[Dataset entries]
◇ ◇ ◇ ◇
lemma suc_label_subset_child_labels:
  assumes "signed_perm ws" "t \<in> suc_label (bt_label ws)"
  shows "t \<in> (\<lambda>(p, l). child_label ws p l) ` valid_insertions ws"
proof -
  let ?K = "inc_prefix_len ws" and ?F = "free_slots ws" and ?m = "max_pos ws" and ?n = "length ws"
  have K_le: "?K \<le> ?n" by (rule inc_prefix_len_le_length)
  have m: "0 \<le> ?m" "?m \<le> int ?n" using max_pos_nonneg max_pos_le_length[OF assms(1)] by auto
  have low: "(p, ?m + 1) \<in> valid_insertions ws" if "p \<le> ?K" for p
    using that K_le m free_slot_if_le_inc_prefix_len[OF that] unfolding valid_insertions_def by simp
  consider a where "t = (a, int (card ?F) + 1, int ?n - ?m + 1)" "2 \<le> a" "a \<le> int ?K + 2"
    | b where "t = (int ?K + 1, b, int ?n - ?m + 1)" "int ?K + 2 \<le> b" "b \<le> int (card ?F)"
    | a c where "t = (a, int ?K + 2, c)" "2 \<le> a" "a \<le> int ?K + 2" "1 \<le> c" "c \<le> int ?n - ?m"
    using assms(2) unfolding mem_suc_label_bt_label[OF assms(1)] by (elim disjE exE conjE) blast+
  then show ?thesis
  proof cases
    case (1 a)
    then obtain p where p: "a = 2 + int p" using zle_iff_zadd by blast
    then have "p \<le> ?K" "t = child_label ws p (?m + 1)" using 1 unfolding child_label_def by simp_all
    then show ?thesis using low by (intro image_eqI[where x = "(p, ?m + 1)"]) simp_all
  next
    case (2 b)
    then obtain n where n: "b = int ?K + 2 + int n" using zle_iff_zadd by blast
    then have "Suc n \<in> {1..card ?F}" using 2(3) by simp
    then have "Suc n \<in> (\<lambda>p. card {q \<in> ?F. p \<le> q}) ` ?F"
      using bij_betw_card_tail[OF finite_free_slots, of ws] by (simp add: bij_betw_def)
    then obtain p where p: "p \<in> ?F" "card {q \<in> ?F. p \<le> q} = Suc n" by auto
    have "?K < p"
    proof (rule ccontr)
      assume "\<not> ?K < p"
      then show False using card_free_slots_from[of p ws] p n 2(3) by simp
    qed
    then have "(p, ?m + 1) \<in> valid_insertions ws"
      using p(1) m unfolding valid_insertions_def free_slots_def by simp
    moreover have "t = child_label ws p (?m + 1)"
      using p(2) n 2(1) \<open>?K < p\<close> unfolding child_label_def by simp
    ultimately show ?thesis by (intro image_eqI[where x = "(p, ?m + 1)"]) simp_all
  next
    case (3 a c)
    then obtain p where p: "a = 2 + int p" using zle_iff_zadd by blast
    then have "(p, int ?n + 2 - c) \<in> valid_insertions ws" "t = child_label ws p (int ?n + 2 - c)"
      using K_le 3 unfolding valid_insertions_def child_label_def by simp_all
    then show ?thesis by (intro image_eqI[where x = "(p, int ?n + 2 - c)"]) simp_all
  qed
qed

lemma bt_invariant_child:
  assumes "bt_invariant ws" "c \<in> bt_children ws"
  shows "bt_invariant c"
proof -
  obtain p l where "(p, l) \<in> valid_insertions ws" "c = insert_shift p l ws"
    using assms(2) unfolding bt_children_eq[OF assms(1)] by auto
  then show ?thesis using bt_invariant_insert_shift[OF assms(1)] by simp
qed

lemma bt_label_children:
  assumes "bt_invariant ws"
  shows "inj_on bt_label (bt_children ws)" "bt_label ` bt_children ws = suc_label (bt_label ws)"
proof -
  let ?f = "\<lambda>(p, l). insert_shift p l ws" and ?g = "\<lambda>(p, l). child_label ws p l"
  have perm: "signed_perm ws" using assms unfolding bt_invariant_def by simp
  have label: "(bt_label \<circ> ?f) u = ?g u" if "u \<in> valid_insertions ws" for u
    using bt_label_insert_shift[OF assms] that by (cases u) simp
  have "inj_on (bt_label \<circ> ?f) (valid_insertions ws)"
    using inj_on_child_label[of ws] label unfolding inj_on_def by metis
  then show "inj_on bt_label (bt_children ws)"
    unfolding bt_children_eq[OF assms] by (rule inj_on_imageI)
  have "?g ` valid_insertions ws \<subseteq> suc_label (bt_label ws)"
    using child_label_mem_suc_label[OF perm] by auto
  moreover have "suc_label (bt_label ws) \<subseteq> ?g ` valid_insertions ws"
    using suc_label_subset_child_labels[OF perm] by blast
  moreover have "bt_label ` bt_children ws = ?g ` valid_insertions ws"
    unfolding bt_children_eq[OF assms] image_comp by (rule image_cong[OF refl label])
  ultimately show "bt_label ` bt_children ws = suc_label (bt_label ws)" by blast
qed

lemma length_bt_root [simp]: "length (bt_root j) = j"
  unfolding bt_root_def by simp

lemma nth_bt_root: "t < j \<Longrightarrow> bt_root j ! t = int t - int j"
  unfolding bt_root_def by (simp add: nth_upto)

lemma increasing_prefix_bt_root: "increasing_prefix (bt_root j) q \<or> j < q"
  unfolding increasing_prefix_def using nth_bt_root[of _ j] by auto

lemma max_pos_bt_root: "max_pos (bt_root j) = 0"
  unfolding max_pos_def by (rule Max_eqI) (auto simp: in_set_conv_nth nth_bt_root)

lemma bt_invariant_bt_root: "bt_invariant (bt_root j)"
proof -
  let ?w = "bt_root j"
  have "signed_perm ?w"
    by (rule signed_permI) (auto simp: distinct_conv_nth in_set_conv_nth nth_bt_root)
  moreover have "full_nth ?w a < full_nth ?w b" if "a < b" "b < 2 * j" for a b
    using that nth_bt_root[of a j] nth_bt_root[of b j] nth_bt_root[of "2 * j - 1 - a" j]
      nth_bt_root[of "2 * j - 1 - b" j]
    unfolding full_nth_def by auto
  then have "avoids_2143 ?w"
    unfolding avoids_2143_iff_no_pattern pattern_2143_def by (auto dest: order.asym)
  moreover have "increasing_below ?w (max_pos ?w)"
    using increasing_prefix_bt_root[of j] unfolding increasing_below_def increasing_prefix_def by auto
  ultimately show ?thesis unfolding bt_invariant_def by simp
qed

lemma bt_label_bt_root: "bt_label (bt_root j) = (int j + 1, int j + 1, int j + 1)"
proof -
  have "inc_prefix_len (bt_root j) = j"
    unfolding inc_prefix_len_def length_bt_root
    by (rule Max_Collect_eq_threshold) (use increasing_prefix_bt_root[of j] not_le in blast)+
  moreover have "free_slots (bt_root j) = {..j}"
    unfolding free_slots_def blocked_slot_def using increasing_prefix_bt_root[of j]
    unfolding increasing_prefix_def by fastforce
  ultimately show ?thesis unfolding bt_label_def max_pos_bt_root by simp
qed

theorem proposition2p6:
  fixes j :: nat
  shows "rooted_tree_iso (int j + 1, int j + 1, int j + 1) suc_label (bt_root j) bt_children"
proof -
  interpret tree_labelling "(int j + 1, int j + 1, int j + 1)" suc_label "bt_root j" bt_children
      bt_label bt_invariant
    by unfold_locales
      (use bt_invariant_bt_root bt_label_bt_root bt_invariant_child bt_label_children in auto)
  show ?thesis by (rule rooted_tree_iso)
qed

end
◇ ◇ ◇ ◇
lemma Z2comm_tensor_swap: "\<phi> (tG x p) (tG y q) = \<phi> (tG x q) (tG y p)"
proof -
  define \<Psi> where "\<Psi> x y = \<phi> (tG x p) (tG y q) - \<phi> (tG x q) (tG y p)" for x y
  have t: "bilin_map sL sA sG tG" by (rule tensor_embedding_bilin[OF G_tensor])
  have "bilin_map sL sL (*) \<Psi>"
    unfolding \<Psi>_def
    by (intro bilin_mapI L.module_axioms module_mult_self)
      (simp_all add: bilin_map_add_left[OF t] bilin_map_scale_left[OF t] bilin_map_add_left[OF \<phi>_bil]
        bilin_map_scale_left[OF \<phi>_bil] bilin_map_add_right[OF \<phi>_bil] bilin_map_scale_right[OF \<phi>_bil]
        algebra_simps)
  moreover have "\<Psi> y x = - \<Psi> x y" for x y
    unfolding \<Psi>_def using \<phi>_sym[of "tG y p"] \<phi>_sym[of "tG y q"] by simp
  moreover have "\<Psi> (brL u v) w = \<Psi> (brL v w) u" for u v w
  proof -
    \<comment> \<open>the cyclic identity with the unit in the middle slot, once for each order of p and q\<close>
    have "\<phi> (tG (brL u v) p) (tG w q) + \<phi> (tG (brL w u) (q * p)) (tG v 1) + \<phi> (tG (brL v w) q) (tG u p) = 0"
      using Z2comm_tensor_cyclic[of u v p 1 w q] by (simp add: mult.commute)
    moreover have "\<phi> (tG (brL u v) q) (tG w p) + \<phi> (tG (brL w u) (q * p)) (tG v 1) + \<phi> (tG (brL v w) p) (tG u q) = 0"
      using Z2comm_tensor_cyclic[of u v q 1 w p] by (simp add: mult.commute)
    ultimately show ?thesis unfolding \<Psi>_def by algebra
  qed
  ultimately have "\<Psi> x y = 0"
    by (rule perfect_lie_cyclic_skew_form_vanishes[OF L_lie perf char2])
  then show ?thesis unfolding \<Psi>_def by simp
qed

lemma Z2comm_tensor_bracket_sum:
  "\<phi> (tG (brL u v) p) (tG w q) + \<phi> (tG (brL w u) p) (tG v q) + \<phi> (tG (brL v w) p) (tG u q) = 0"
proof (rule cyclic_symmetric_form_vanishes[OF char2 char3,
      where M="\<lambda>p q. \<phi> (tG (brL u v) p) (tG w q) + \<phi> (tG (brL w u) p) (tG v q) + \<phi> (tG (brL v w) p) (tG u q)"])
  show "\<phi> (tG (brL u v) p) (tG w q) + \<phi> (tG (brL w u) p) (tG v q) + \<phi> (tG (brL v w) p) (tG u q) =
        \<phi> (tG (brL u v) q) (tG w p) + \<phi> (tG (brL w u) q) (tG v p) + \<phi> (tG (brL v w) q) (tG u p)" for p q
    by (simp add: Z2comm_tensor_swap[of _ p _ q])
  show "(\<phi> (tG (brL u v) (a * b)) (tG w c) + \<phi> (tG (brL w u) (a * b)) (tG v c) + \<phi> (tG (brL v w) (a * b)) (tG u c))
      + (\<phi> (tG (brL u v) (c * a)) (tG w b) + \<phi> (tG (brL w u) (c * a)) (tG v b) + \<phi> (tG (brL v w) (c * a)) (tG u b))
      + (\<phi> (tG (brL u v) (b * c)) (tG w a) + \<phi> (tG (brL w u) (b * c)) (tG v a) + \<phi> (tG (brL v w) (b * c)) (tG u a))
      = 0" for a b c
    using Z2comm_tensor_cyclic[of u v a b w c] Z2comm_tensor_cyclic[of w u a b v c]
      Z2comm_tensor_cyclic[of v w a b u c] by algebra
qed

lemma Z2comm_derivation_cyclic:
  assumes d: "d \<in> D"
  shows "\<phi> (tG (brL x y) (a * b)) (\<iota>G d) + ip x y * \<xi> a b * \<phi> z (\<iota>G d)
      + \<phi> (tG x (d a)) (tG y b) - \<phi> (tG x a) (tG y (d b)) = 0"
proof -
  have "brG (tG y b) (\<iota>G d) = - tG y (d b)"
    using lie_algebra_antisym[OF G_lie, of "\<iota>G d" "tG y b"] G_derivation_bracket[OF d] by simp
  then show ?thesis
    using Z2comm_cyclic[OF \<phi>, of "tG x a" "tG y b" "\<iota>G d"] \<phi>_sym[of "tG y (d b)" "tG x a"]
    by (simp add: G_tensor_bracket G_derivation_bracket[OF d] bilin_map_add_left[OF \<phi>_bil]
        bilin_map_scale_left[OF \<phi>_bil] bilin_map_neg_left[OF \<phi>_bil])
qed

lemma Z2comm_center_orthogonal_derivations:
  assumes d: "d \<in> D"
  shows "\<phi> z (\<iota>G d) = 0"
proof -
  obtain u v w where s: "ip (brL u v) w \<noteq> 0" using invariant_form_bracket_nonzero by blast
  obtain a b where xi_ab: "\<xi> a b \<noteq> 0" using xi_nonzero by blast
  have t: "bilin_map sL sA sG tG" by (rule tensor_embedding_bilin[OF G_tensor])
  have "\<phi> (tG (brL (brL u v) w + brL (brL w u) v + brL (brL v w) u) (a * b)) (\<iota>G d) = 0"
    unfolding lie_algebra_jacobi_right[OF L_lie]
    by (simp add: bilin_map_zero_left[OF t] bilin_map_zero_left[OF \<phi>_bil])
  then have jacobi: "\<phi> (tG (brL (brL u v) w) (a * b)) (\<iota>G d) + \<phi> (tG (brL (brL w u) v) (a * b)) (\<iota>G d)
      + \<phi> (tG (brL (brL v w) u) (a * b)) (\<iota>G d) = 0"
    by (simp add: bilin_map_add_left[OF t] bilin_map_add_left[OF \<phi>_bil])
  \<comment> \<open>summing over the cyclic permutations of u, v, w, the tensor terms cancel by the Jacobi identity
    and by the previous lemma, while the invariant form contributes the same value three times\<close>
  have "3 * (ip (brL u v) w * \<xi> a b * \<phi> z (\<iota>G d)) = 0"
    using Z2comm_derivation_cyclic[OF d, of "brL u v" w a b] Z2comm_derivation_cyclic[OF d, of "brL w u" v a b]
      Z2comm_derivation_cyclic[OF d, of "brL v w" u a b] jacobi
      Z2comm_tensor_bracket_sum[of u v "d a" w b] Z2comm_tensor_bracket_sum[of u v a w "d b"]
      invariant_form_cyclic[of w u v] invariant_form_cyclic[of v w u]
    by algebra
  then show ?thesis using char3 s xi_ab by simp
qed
◇ ◇ ◇ ◇
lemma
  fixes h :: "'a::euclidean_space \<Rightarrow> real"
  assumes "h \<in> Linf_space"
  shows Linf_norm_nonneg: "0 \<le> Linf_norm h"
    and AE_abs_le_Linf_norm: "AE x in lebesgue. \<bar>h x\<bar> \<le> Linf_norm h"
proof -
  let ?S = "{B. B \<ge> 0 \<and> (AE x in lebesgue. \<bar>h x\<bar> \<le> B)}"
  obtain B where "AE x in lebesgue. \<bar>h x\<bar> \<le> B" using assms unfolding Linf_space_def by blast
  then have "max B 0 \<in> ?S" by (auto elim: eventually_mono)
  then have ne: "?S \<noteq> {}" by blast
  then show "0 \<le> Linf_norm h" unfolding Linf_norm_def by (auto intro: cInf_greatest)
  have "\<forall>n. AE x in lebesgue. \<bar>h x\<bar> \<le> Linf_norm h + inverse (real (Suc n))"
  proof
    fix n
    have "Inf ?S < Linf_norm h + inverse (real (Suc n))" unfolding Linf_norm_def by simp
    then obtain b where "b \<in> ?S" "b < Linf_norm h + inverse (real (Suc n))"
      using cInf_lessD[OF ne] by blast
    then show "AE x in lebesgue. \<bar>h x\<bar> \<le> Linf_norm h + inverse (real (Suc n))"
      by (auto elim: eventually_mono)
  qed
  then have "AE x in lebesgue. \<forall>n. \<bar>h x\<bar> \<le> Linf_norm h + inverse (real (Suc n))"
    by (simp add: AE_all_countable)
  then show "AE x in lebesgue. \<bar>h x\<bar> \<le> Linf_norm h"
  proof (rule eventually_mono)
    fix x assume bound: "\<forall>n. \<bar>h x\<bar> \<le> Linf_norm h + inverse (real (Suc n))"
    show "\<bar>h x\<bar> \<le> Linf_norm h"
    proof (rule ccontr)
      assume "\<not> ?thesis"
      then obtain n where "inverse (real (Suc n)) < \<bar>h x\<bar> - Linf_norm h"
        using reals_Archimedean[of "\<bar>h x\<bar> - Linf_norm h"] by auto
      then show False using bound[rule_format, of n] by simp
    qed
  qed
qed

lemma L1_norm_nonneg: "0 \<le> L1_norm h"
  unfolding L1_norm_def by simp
◇ ◇ ◇ ◇
- TASK: Go through the entries and return each line where the word "noteq" occurs.

- TASK RESULT:
  obtain u v w where s: "ip (brL u v) w \<noteq> 0" using invariant_form_bracket_nonzero by blast
  obtain a b where xi_ab: "\<xi> a b \<noteq> 0" using xi_nonzero by blast
  then have ne: "?S \<noteq> {}" by blast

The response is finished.